Essay,  Faith

Grinching triumph

Joan_fields“I know why the Grinch doesn’t like Christmas. Because his Sister Grinch died. And SHE was the one who wrapped all the presents and bought the pumpkins. She was the one who put up the lights. He can’t do it because he’s at work all day and he’s TIRED. That’s why he doesn’t like Christmas.”

-Joan, zeroing in on the near-Grinch lurking in all of us.

Things have felt mystifyingly terrible since that foolish and violent man was elected.
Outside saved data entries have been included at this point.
lemma measurable_Xvec[measurable]: "Xvec \<in> measurable M (count_space UNIV)"
  using simple_function_Xvec by (rule measurable_simple_function)

lemma measurable_Xrest[measurable]: "Xrest i \<in> measurable M (count_space UNIV)"
  unfolding rvec_minus_def[abs_def]
  by (intro measurable_simple_function simple_function_map) (simp add: simple_function_X)

lemma finite_Xvals: "finite Xvals"
  using simple_function_Xvec by (simp add: Xvals_def simple_function_def)

lemma length_Xvals: "x \<in> Xvals \<Longrightarrow> length x = d"
  by (auto simp: Xvals_def rvec_def)

lemma nth_Xvec: "i < d \<Longrightarrow> Xvec \<omega> ! i = X i \<omega>"
  by (simp add: rvec_def)

lemma Xrest_eq_remove_coord: "Xrest i \<omega> = remove_coord i (Xvec \<omega>)"
  by (simp add: rvec_def rvec_minus_def remove_coord_def)

lemma Xvec_eq_iff:
  assumes "i < d" and "length x = d"
  shows "Xvec \<omega> = x \<longleftrightarrow> X i \<omega> = x ! i \<and> Xrest i \<omega> = remove_coord i x"
  using nth_remove_coord_eq_iff[of x "Xvec \<omega>" i] assms
  by (auto simp: nth_Xvec Xrest_eq_remove_coord rvec_def)

lemma sets_Xvec_in: "{\<omega> \<in> space M. Xvec \<omega> \<in> C} \<in> sets M"
proof -
  have "{\<omega> \<in> space M. Xvec \<omega> \<in> C} = Xvec -` C \<inter> space M" by auto
  then show ?thesis using measurable_sets[OF measurable_Xvec, of C] by simp
qed

lemma shannon_entropy_Xvec: "shannon_entropy b M Xvec = - (\<Sum>x\<in>Xvals. pX x * log b (pX x))"
  unfolding shannon_entropy_def Xvals_def ..

lemma cond_shannon_entropy_coord:
  assumes "i < d"
  shows "cond_shannon_entropy b M (X i) (Xrest i)
    = - (\<Sum>x\<in>Xvals. pX x * log b (pX x / pmass M (Xrest i) (remove_coord i x)))"
proof -
  define \<phi> where "\<phi> x = (x ! i, remove_coord i x)" for x :: "'v list"
  have pair_eq: "(\<lambda>\<omega>. (X i \<omega>, Xrest i \<omega>)) = (\<lambda>\<omega>. \<phi> (Xvec \<omega>))"
    using assms by (simp add: \<phi>_def nth_Xvec Xrest_eq_remove_coord)
  have image_eq: "(\<lambda>\<omega>. \<phi> (Xvec \<omega>)) ` space M = \<phi> ` Xvals"
    by (simp add: Xvals_def image_image)
  have inj: "inj_on \<phi> Xvals"
    by (rule inj_onI) (simp add: \<phi>_def length_Xvals nth_remove_coord_eq_iff)
  have "cond_shannon_entropy b M (X i) (Xrest i)
      = - (\<Sum>x\<in>Xvals. pmass M (\<lambda>\<omega>. \<phi> (Xvec \<omega>)) (\<phi> x)
          * log b (pmass M (\<lambda>\<omega>. \<phi> (Xvec \<omega>)) (\<phi> x) / pmass M (Xrest i) (snd (\<phi> x))))"
    unfolding cond_shannon_entropy_def pair_eq image_eq
    by (simp add: sum.reindex[OF inj] case_prod_beta)
  also have "\<dots> = - (\<Sum>x\<in>Xvals. pX x * log b (pX x / pmass M (Xrest i) (remove_coord i x)))"
    using pmass_comp_inj_on[OF inj[unfolded Xvals_def]] by (simp add: Xvals_def \<phi>_def)
  finally show ?thesis .
qed

text \<open>\<open>cpmf x w\<close> is a version of the conditional probability \<open>P(X = x | W = w)\<close>.\<close>
definition cpmf :: "'v list \<Rightarrow> 'w \<Rightarrow> real" where
  "cpmf x = (SOME g. g \<in> borel_measurable N \<and> (\<forall>w. 0 \<le> g w \<and> g w \<le> 1) \<and>
    (\<forall>B\<in>sets N. (\<integral>\<omega>. indicator B (W \<omega>) * g (W \<omega>) \<partial>M)
      = measure M {\<omega> \<in> space M. Xvec \<omega> = x \<and> W \<omega> \<in> B}))"
lemma anodyne_iff_flat_hull_eq:
  assumes faces: "A \<in> faces W" "B \<in> faces W" "A' \<in> faces W" "B' \<in> faces W"
    and below: "A' \<subseteq> closure A" "B' \<subseteq> closure B"
  shows "anodyne W (pair_orbit W (A, B)) (pair_orbit W (A', B')) \<longleftrightarrow>
    flat_hull (A' \<union> B') = flat_hull (A \<union> B)"
proof
  assume "anodyne W (pair_orbit W (A, B)) (pair_orbit W (A', B'))"
  then obtain L where L: "L \<in> flats W"
    "U_xi W (pair_orbit W (A, B)) \<subseteq> quot W ` generic_part W L"
    "U_xi W (pair_orbit W (A', B')) \<subseteq> quot W ` generic_part W L"
    unfolding anodyne_def strata0_def by blast
  obtain w1 where w1: "w1 \<in> W" "L = w1 ` flat_hull (A \<union> B)"
    using U_xi_subset_stratum_iff[OF faces(1,2) L(1)] L(2) by blast
  obtain w2 where w2: "w2 \<in> W" "L = w2 ` flat_hull (A' \<union> B')"
    using U_xi_subset_stratum_iff[OF faces(3,4) L(1)] L(3) by blast
  define h where "h = inv w2 \<circ> w1"
  have hW: "h \<in> W" unfolding h_def using comp_in_W inv_in_W w1(1) w2(1) by blast
  have h: "h ` flat_hull (A \<union> B) = flat_hull (A' \<union> B')"
    unfolding h_def image_comp[symmetric] w1(2)[symmetric] w2(2) using w2(1) by simp
  hence "h ` flat_hull (A \<union> B) \<subseteq> flat_hull (A \<union> B)"
    using flat_hull_Un_subset_if_closure[OF below] by simp
  hence "h ` flat_hull (A \<union> B) = flat_hull (A \<union> B)"
    by (rule linear_inj_image_subspace_eq[OF linear_W[OF hW] inj_W[OF hW] subspace_flat_hull])
  with h show "flat_hull (A' \<union> B') = flat_hull (A \<union> B)" by simp
next
  assume eq: "flat_hull (A' \<union> B') = flat_hull (A \<union> B)"
  let ?L = "flat_hull (A \<union> B)"
  have "U_xi W (pair_orbit W (X, Y)) \<subseteq> quot W ` generic_part W ?L"
    if "X \<in> faces W" "Y \<in> faces W" "flat_hull (X \<union> Y) = ?L" for X Y
    using U_xi_subset_stratum_iff[OF that(1,2) flat_hull_in_flats] that(3) id_in_W by force
  hence "U_xi W (pair_orbit W (A, B)) \<subseteq> quot W ` generic_part W ?L"
    "U_xi W (pair_orbit W (A', B')) \<subseteq> quot W ` generic_part W ?L"
    using faces eq by blast+
  moreover have "quot W ` generic_part W ?L \<in> strata0 W"
    unfolding strata0_def using flat_hull_in_flats by blast
  ultimately show "anodyne W (pair_orbit W (A, B)) (pair_orbit W (A', B'))"
    unfolding anodyne_def by blast
qed
definition sinr :: "(real^3) set \<Rightarrow> nat \<Rightarrow> (nat \<Rightarrow> real) \<Rightarrow> real \<Rightarrow> (nat \<Rightarrow> real^3 \<Rightarrow> complex)
                     \<Rightarrow> nat \<Rightarrow> (real^3 \<Rightarrow> complex) \<Rightarrow> real" where
  "sinr A K P \<sigma>2 h k w =
     (P k / \<sigma>2) * (cmod (ip A w (h k)))\<^sup>2 /
     ((\<Sum>k'\<in>{0..<K} - {k}. (P k' / \<sigma>2) * (cmod (ip A w (h k')))\<^sup>2)
       + integral\<^sup>L (lebesgue_on A) (\<lambda>r. (cmod (w r))\<^sup>2))"

definition rate :: "(real^3) set \<Rightarrow> nat \<Rightarrow> (nat \<Rightarrow> real) \<Rightarrow> real \<Rightarrow> (nat \<Rightarrow> real^3 \<Rightarrow> complex)
                     \<Rightarrow> nat \<Rightarrow> (real^3 \<Rightarrow> complex) \<Rightarrow> real" where
  "rate A K P \<sigma>2 h k w = log 2 (1 + sinr A K P \<sigma>2 h k w)"

definition C_mat :: "(real^3) set \<Rightarrow> nat \<Rightarrow> (nat \<Rightarrow> real) \<Rightarrow> real \<Rightarrow> (nat \<Rightarrow> real^3 \<Rightarrow> complex)
                     \<Rightarrow> nat \<Rightarrow> nat \<Rightarrow> nat \<Rightarrow> complex" where
  "C_mat A K P \<sigma>2 h k k1 k2 =
     complex_of_real (sqrt (P k1 / \<sigma>2)) * gram A h k1 k2 * complex_of_real (sqrt (P k2 / \<sigma>2))"

definition Cbar_mat :: "(real^3) set \<Rightarrow> nat \<Rightarrow> (nat \<Rightarrow> real) \<Rightarrow> real \<Rightarrow> (nat \<Rightarrow> real^3 \<Rightarrow> complex)
                     \<Rightarrow> nat \<Rightarrow> nat \<Rightarrow> nat \<Rightarrow> complex" where
  "Cbar_mat A K P \<sigma>2 h k = mat_inv_on ({0..<K} - {k})
     (\<lambda>i j. (if i = j then 1 else 0) + C_mat A K P \<sigma>2 h k i j)"

definition w_mmse :: "(real^3) set \<Rightarrow> nat \<Rightarrow> (nat \<Rightarrow> real) \<Rightarrow> real \<Rightarrow> (nat \<Rightarrow> real^3 \<Rightarrow> complex)
                     \<Rightarrow> nat \<Rightarrow> real^3 \<Rightarrow> complex" where
  "w_mmse A K P \<sigma>2 h k r =
     h k r - (\<Sum>k1\<in>{0..<K} - {k}. \<Sum>k2\<in>{0..<K} - {k}.
        Cbar_mat A K P \<sigma>2 h k k1 k2 * complex_of_real (sqrt (P k1 * P k2) / \<sigma>2)
          * h k1 r * gram A h k2 k)"

end

theory Submission
  imports Defs "Jordan_Normal_Form.Determinant"
begin

text \<open>Write \<open>p\<^sub>i = P\<^sub>i/\<sigma>\<^sup>2\<close>, \<open>\<langle>f, g\<rangle> = \<integral>\<^sub>A cnj f g\<close> and \<open>u\<close> for the MMSE beamformer.
  Its weights solve the regularised normal equations \<open>(P\<^sub>k\<^sup>-\<^sup>1 + R\<^sub>k) \<beta> = r\<^sub>k\<^sub>,\<^sub>k\<close>, which say exactly
  that \<open>h\<^sub>k = u + \<Sum>\<^sub>i\<^sub>\<noteq>\<^sub>k p\<^sub>i \<langle>h\<^sub>i, u\<rangle> h\<^sub>i\<close>. Pairing with any \<open>w\<close> gives
  \<open>\<langle>w, h\<^sub>k\<rangle> = \<langle>w, u\<rangle> + \<Sum>\<^sub>i p\<^sub>i \<langle>h\<^sub>i, u\<rangle> \<langle>w, h\<^sub>i\<rangle>\<close>, and Cauchy--Schwarz in
  \<open>L\<^sup>2(A) \<oplus> \<ell>\<^sup>2(p)\<close> bounds \<open>|\<langle>w, h\<^sub>k\<rangle>|\<^sup>2\<close> by the SINR denominator of \<open>w\<close> times
  \<open>Y = \<parallel>u\<parallel>\<^sup>2 + \<Sum>\<^sub>i p\<^sub>i |\<langle>h\<^sub>i, u\<rangle>|\<^sup>2\<close>. Hence every SINR is at most \<open>p\<^sub>k Y\<close>, and \<open>u\<close> attains it
  because \<open>\<langle>u, h\<^sub>k\<rangle> = Y\<close>. Positive definiteness of \<open>R\<close> makes \<open>I + C\<^sub>k\<close> invertible and \<open>u\<close> nonzero.\<close>

section \<open>Square-integrable functions\<close>

lemma borel_measurable_cnj [measurable]:
  "f \<in> borel_measurable M \<Longrightarrow> (\<lambda>x. cnj (f x)) \<in> borel_measurable M"
  by (rule borel_measurable_continuous_on[where f=cnj]) (auto intro: continuous_intros)

abbreviation sqnorm :: "(real^3) set \<Rightarrow> (real^3 \<Rightarrow> complex) \<Rightarrow> real" where
  "sqnorm A f \<equiv> integral\<^sup>L (lebesgue_on A) (\<lambda>r. (cmod (f r))\<^sup>2)"

lemma sqnorm_nonneg: "0 \<le> sqnorm A f"
  by (rule Bochner_Integration.integral_nonneg) simp

lemma L2_add:
  assumes "L2 A f" "L2 A g"
  shows "L2 A (\<lambda>r. f r + g r)"
proof -
  have "f \<in> borel_measurable (lebesgue_on A)" "g \<in> borel_measurable (lebesgue_on A)"
    using assms by (simp_all add: L2_def)
  then have meas: "(\<lambda>r. f r + g r) \<in> borel_measurable (lebesgue_on A)"
    by measurable
  have bound: "(cmod (f r + g r))\<^sup>2 \<le> 2 * (cmod (f r))\<^sup>2 + 2 * (cmod (g r))\<^sup>2" for r
  proof -
    have "(cmod (f r + g r))\<^sup>2 \<le> (cmod (f r) + cmod (g r))\<^sup>2"
      by (simp add: norm_triangle_ineq power_mono)
    also have "\<dots> \<le> 2 * (cmod (f r))\<^sup>2 + 2 * (cmod (g r))\<^sup>2"
      using zero_le_power2[of "cmod (f r) - cmod (g r)"] unfolding power2_diff power2_sum by linarith
    finally show ?thesis .
  qed
  have "integrable (lebesgue_on A) (\<lambda>r. (cmod (f r + g r))\<^sup>2)"
  proof (rule Bochner_Integration.integrable_bound)
    show "integrable (lebesgue_on A) (\<lambda>r. 2 * (cmod (f r))\<^sup>2 + 2 * (cmod (g r))\<^sup>2)"
      using assms by (simp add: L2_def)
    show "(\<lambda>r. (cmod (f r + g r))\<^sup>2) \<in> borel_measurable (lebesgue_on A)"
      using meas by measurable
    show "AE r in lebesgue_on A. norm ((cmod (f r + g r))\<^sup>2) \<le> norm (2 * (cmod (f r))\<^sup>2 + 2 * (cmod (g r))\<^sup>2)"
      using bound by (intro AE_I2) simp
  qed
  with meas show ?thesis
    by (simp add: L2_def)
qed

lemma L2_mult_left:
  assumes "L2 A f"
  shows "L2 A (\<lambda>r. c * f r)"
proof -
  have "f \<in> borel_measurable (lebesgue_on A)"
    using assms by (simp add: L2_def)
  then have "(\<lambda>r. c * f r) \<in> borel_measurable (lebesgue_on A)"
    by measurable
  with assms show ?thesis
    by (simp add: L2_def norm_mult power_mult_distrib)
qed

lemma L2_sum:
  assumes "finite I" "\<And>i. i \<in> I \<Longrightarrow> L2 A (f i)"
  shows "L2 A (\<lambda>r. \<Sum>i\<in>I. f i r)"
  using assms
proof (induction I rule: finite_induct)
  case empty
  then show ?case by (simp add: L2_def)
next
  case (insert i I)
  then show ?case by (simp add: L2_add)
qed

lemma L2_diff:
  assumes "L2 A f" "L2 A g"
  shows "L2 A (\<lambda>r. f r - g r)"
  using L2_add[OF assms(1) L2_mult_left[OF assms(2), of "-1"]] by simp

lemma ip_integrable:
  assumes "L2 A f" "L2 A g"
  shows "integrable (lebesgue_on A) (\<lambda>r. cnj (f r) * g r)"
proof (rule Bochner_Integration.integrable_bound)
  show "integrable (lebesgue_on A) (\<lambda>r. (cmod (f r))\<^sup>2 + (cmod (g r))\<^sup>2)"
    using assms by (simp add: L2_def)
  have "f \<in> borel_measurable (lebesgue_on A)" "g \<in> borel_measurable (lebesgue_on A)"
    using assms by (simp_all add: L2_def)
  then show "(\<lambda>r. cnj (f r) * g r) \<in> borel_measurable (lebesgue_on A)"
    by measurable
  have "cmod (f r) * cmod (g r) \<le> (cmod (f r))\<^sup>2 + (cmod (g r))\<^sup>2" for r
    using zero_le_power2[of "cmod (f r) - cmod (g r)"] mult_nonneg_nonneg[OF norm_ge_zero norm_ge_zero, of "f r" "g r"]
    unfolding power2_diff by linarith
  then show "AE r in lebesgue_on A. norm (cnj (f r) * g r) \<le> norm ((cmod (f r))\<^sup>2 + (cmod (g r))\<^sup>2)"
    by (simp add: norm_mult)
qed

lemma ip_add_right:
  assumes "L2 A f" "L2 A g1" "L2 A g2"
  shows "ip A f (\<lambda>r. g1 r + g2 r) = ip A f g1 + ip A f g2"
  unfolding ip_def using ip_integrable[OF assms(1,2)] ip_integrable[OF assms(1,3)]
  by (simp add: distrib_left)

lemma ip_diff_right:
  assumes "L2 A f" "L2 A g1" "L2 A g2"
  shows "ip A f (\<lambda>r. g1 r - g2 r) = ip A f g1 - ip A f g2"
  unfolding ip_def using ip_integrable[OF assms(1,2)] ip_integrable[OF assms(1,3)]
  by (simp add: right_diff_distrib)

lemma ip_lincomb_right:
  assumes "finite I" "L2 A f" "\<And>i. i \<in> I \<Longrightarrow> L2 A (g i)"
  shows "ip A f (\<lambda>r. \<Sum>i\<in>I. c i * g i r) = (\<Sum>i\<in>I. c i * ip A f (g i))"
  unfolding ip_def using assms ip_integrable[OF assms(2)]
  by (simp add: sum_distrib_left mult.left_commute)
It even feels hard to pray for, or hard to know where to begin with my prayers. The young soldiers who will soon be sent to more wars? The terminally sick who so-briefly had insurance that will be shoved off again? The companies that will move to other countries where skilled workers are accepted, regardless of their nationality? The police brutality that will unfold? Funny how things that feel very close and fragile can feel the hardest to pray for. Like it’s too risky for me to acknowledge how worried I am.

My friend suggested we start reading up on the resistance movement in world war II. (Here I always think of a favorite story of Norwegian citizens hopping on skiis and cleverly skiing in to disable a hydroelectric plant.) Joe’s family is Mennonite, a religious group that’s been quietly disagreeing with the government for years–deeply pacifist; attempting to redirect their taxes away from the military defense, devoted to issues of social justice and the marginalized. The idea of actively and consistently fighting with your government is not a new one. But it sounds mighty tiring. Though, I sort of fell in love with the idea of political PARTIES mentioned here.

Still, the hearth keepers must carry on, kneading the bread and chopping the kale, even as their ear tips towards the Diane Rehm Show playing in the background. Ruminate over ice skating lesson fees. Request a list of favorite Christmas books from the library. Remark upon the desperate need for plain candles in the house. Pull out coats and boots for the coat drives at church.

We didn’t guide the girls into beliefs of Santa as a gift-giver, but Joan is a big fan of his nonetheless, in the general good-citizen category. So I’ll map out a few places to take her to see him. (What if you could visit a favorite dignitary, and talk with them on a nice armchair for awhile?)



  • Lindsay Henry

    Thank you for sharing this! I needed to hear that I wasn’t alone in not even knowing where to start with my prayers after this week.

  • Sarah Thomas

    Now Diane Rehm is retiring, just when we need her the most!! Feels like another blow after this past week. Any other kick ass women journalist podcasts recommendations in her absence??

  • Sarah

    I love this verse. Proverbs 21:1 “The king’s heart is a stream of water in the hand of the LORD; he turns it wherever he will.” We must pray, but also trust that the Lord is sovereign and will turn the water of his heart wherever he pleases.
    Additionally, here is a short excerpt from Screwtape Letters by C.S. Lewis that I love: (A senior demon, Screwtape, is writing to a junior demon, Wormwood, and the patient is the human on earth)
    “My dear Wormwood, be sure that the patient remains completely fixated on politics. Arguments, political gossip, and obsessing on the faults of people they have never met serves as an excellent distraction from advancing in personal virtue, character, and the things the patient can control. Make sure to keep the patient in a constant state of angst, frustration, and general disdain towards the rest of the human race in order to avoid any kind of charity or inner peace from further developing. Ensure the patient continues to believe the the problem is “out there” in the “broken system” rather than recognizing there is a problem with himself. Keep up the good work, Uncle Screwtape”

    • Rachael

      Ah, I love picturing C.S. chuckling over this passage as he wrote. I am really fighting the anxiety and worry, I agree, we’re not called to it, and it wastes our brain power. THAT SAID, as my gaze roves over history–not just history, current day!–I find plenty of countries confused how they got the Worst Leader Ever. As I look back at myself in the election, I see myself being weirdly optimistic and blind, never really taking the moment to say what I thought, backing down from Facebook discussions, smirking at the idea we’d ever be here.

      I have a few verses that I’m taking comfort from; thank you for sharing yours! A special thing.

    • Rachael

      “But even if I think they were deeply wrong, I want to believe that they were trying to do their best.” Beautifully put, Cindy, thank you for sharing that with me. Heartbroken sums it up (though I never expected it).

  • Teresa

    Thank you for this post. You write beautifully and your ability to acknowledge the “mystifyingly terrible” on one hand while cupping the glowing — if fragile — flame of hope in the other is a gift. I guess that’s the scary and exhilarating and necessary tightrope that we all have to walk. And, your painting of Santa as a general-good-citizen/favorite dignitary made my day. Again, thanks.